Yamalé pairs a searchable African legal library with AI legal research on the same corpus. Browse statutes by country and category, open full texts, then ask follow-up questions in AI Research with citations back to the instruments you are working on.
For law students, the workflow supports exam prep and coursework: find the act, read the articles, then test your understanding with cited Q&A. For firms and in-house teams, it reduces time spent hunting PDFs across jurisdictions.

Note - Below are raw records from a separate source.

(* Let $\mathcal{X}\subset\mathbb{R}$ be compact and let $p$ be a continuous probability density on $\mathcal{X}$ with $\inf_{x\in\mathcal{X}}p(x)>\delta$ for some $\delta>0$. Then for every $\epsilon>0$ there exist an integer $N\ge1$ and real constants $\mu_i\in\mathbb{R}$, $\sigma_i>0$ ($i=1,\dots,N$) such that, defining $$F_N(x)=\frac{1}{N}\sum_{i=1}^N \sigma\!\left(\frac{x-\mu_i}{\sigma_i}\right)$$ and $Y=\Phi^{-1}(F_N(X))$ for $X\sim p$, the distribution of $Y$ satisfies $\mathrm{KL}(\mathrm{Law}(Y)\,\|\,\mathcal{N}(0,1))<\epsilon$.
   Context: $\sigma(t)=1/(1+e^{-t})$ is the sigmoid function; $\Phi$ is the CDF of the standard normal distribution $\mathcal{N}(0,1)$ and $\Phi^{-1}$ its inverse; $\mathrm{KL}$ is the Kullback–Leibler divergence. *)

theory Defs
  imports "HOL-Probability.Probability"
begin

definition sigmoid :: "real \<Rightarrow> real" where
  "sigmoid t = 1 / (1 + exp (- t))"

definition Phi :: "real \<Rightarrow> real" where
  "Phi x = measure (density lborel std_normal_density) {..x}"

definition Phi_inv :: "real \<Rightarrow> real" where
  "Phi_inv y = (THE x. Phi x = y)"

text \<open>Note the library's KL_divergence b M N takes the reference measure M first.\<close>
definition KL_div :: "real measure \<Rightarrow> real measure \<Rightarrow> ereal" where
  "KL_div P Q =
     (if sets P = sets Q \<and> absolutely_continuous Q P
         \<and> integrable P (entropy_density (exp 1) Q P)
      then ereal (KL_divergence (exp 1) Q P) else \<infinity>)"

end

theory Submission
  imports Defs "HOL-Real_Asymp.Real_Asymp"
begin

text \<open>Since \<open>F\<^sub>N\<close> is a strictly increasing distribution function with positive density \<open>f\<^sub>N\<close>
  (a mixture of logistic densities), \<open>\<Phi>\<^sup>-\<^sup>1 \<circ> F\<^sub>N\<close> is a bijection pushing \<open>f\<^sub>N\<close> to the standard
  normal law, so \<open>KL(Law(Y) \<parallel> N(0,1)) = KL(p \<parallel> f\<^sub>N) \<le> log sup (p / f\<^sub>N)\<close>. It thus suffices
  to find a mixture with \<open>f\<^sub>N \<ge> e\<^sup>-\<^sup>\<epsilon>\<^sup>/\<^sup>2 p\<close> on \<open>S\<close>. Extend \<open>p\<close> continuously to a function of
  barely larger mass, sample it on a fine grid and smooth the samples with logistic kernels of
  small scale: this reproduces \<open>p\<close> on \<open>S\<close> up to a small additive error, which \<open>p \<ge> \<delta>\<close> turns
  into a relative one. Finally round the grid weights to multiples of \<open>1 / N\<close>.\<close>

definition logistic_density :: "real \<Rightarrow> real" where
  "logistic_density t = sigmoid t * (1 - sigmoid t)"

definition logistic_kernel :: "real \<Rightarrow> real \<Rightarrow> real" where
  "logistic_kernel s t = logistic_density (t / s) / s"

lemma sigmoid_pos: "0 < sigmoid t"
  unfolding sigmoid_def by (simp add: add_pos_pos)

lemma sigmoid_less_1: "sigmoid t < 1"
  unfolding sigmoid_def by (simp add: add_pos_pos)

lemma one_minus_sigmoid: "1 - sigmoid t = exp (- t) / (1 + exp (- t))"
proof -
  have "1 + exp (- t) \<noteq> 0" by (smt (verit) exp_gt_zero)
  then show ?thesis unfolding sigmoid_def by (simp add: field_simps)
qed

lemma sigmoid_le_exp: "sigmoid t \<le> exp t"
proof -
  have "sigmoid t = exp t / (exp t + 1)"
    by (simp add: sigmoid_def exp_minus field_simps add_pos_pos)
  also have "\<dots> \<le> exp t" by (simp add: divide_le_eq add_pos_pos)
  finally show ?thesis .
qed

lemma one_minus_sigmoid_le_exp: "1 - sigmoid t \<le> exp (- t)"
  unfolding one_minus_sigmoid by (simp add: divide_le_eq add_pos_pos)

The library is the source of truth. AI is a layer on top — useful for orientation and issue-spotting, not a substitute for reading primary sources or professional advice.
Why teams use Yamalé
Unified corpus
AI research and library browsing draw from the same growing collection of African legal texts.
Filter by jurisdiction
Narrow by country, category, and status before you research or ask AI questions.
From citation to full text
Open cited laws directly from AI research source cards when you need the complete instrument.
Vault & counsel
Combine library and AI work with templates in The Yamalé Vault and the lawyer directory.
Frequently asked questions
- How many countries does the Yamalé legal library cover?
- The platform is built for broad African coverage across 54 countries, with depth varying by jurisdiction and topic. Use library filters to see what is available for a given country today.
- Can I use the library without AI?
- Yes. Library browsing is available on free and paid plans. AI research requires a plan that includes AI queries.
- Does AI search the whole internet?
- No. Yamalé AI legal research is designed to answer from library excerpts (plus optional limited web supplements for orientation), not the open web as binding law.